Sharpton also praised the governor's executive order to local agencies, saying "he has raised the bar on how we deal with policing."
"To say that every mayor must come up with a plan along these areas or they would withhold state money is a model for where we ought to be dealing with 21st century civil rights in this country. Make no mistake, this is a new level that all other 49 governors ought to look at."
The measures come amid widespread protests over policing and racism in America after the death of George Floyd in Minneapolis police custody last month.
Cuomo was also joined by State Senate Leader Andrea Stewart-Cousins, who said, "We know that this is a beginning, but it's a move to bring justice to a system that has long been unjust."
“We are at a moment of reckoning, there’s no question about it,” Stewart-Cousins said. “I’m just so thankful that I have a historic role at this moment. I have an opportunity of leading 40 Senate Democrats, who unanimously decided this was the time.”
State Assembly Speaker Carl Heastie, who was also in attendance, said he thinks Floyd's death "struck a nerve" with people across the nation.
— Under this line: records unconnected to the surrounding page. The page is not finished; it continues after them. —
lemma exps_SA_small:
  assumes "z \<le> t * s - t"
  shows "exps (SA s t z Ab) \<subseteq> {t * s..<t * s + z}"
proof -
  have "SA s t z Ab = SA2 s t z Ab" using assms unfolding SA_def by simp
  moreover have "exps (SA2 s t z Ab) \<subseteq> (\<lambda>u. t * s + theta' s t * pA s t z + u) ` {..<z}"
    unfolding SA2_def by (rule exps_sum_monom)
  moreover have "pA s t z = 0 \<or> z = 0" using assms unfolding pA_def by (cases z) auto
  ultimately show ?thesis by auto
qed

lemma exps_SA1:
  assumes "1 \<le> s" and "t * s - t \<noteq> 0"
  shows "exps (SA1 s t z Ab) \<subseteq>
    {theta' s t * q + r | q r. t * s \<le> r \<and> r < theta' s t} \<union> {t * s + theta' s t * (t - 1)..}"
    (is "_ \<subseteq> ?window \<union> ?beyond")
proof
  define D where "D = t * s - t"
  have th: "theta' s t = t * s + D" unfolding D_def using theta'_eq[OF assms(1)] .
  have "0 < D" using assms(2) unfolding D_def by simp
  have pA: "pA s t z = min ((z - 1) div D) (t - 1)" using assms(2) unfolding pA_def D_def by simp
  have tail_length: "pA s t z * t * (s - 1) = pA s t z * D" unfolding D_def by (simp add: diff_mult_distrib2)
  fix n assume "n \<in> exps (SA1 s t z Ab)"
  then consider (body) w l where "w < D" "n = t * s + theta' s t * l + w"
    | (tail) u where "u < z - pA s t z * D" "n = t * s + theta' s t * pA s t z + u"
    unfolding SA1_def tail_length D_def[symmetric]
    by (auto dest!: exps_add[THEN subsetD] exps_sum_monom[THEN subsetD] exps_double_sum_monom[THEN subsetD])
  then show "n \<in> ?window \<union> ?beyond"
  proof cases
    case body
    then have "n = theta' s t * l + (t * s + w) \<and> t * s \<le> t * s + w \<and> t * s + w < theta' s t"
      using th by simp
    then show ?thesis by blast
  next
    case tail
    from min_div_cases[OF \<open>0 < D\<close>] tail(1) have "pA s t z = t - 1 \<or> u < D" unfolding pA by blast
    then show ?thesis
    proof
      assume "pA s t z = t - 1"
      then show ?thesis using tail(2) by simp
    next
      assume "u < D"
      then have "n = theta' s t * pA s t z + (t * s + u) \<and> t * s \<le> t * s + u \<and> t * s + u < theta' s t"
        using tail(2) th by simp
      then show ?thesis by blast
    qed
  qed
qed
"I actually thought that the bill was going to be Democrat versus Republican," Heastie said. "We had many, many Republicans voting for these bills, because I think the entire world has just said, 'Enough is enough is enough is enough.' How much more bloodshed had to happen for the consciousness and the heart of this nation to finally open up and say, 'We need to do better and we need to be better?'"
New York PBA President Patrick Lynch criticized the signing of the measures.
"Governor Cuomo and our legislative leaders have no business celebrating today. New York state had been failing our communities for decades: failing to provide economic opportunity, failing to educate our youth, failing to care for the vulnerable and the mentally ill," Lynch said in a statement. "Police officers spend our days addressing issues caused by these failures. Now, we won't even be able to do that. We will be permanently frozen, stripped of all resources and unable to do the job. We don't want to see our communities suffer, but this is what Governor Cuomo and our elected leaders have chosen."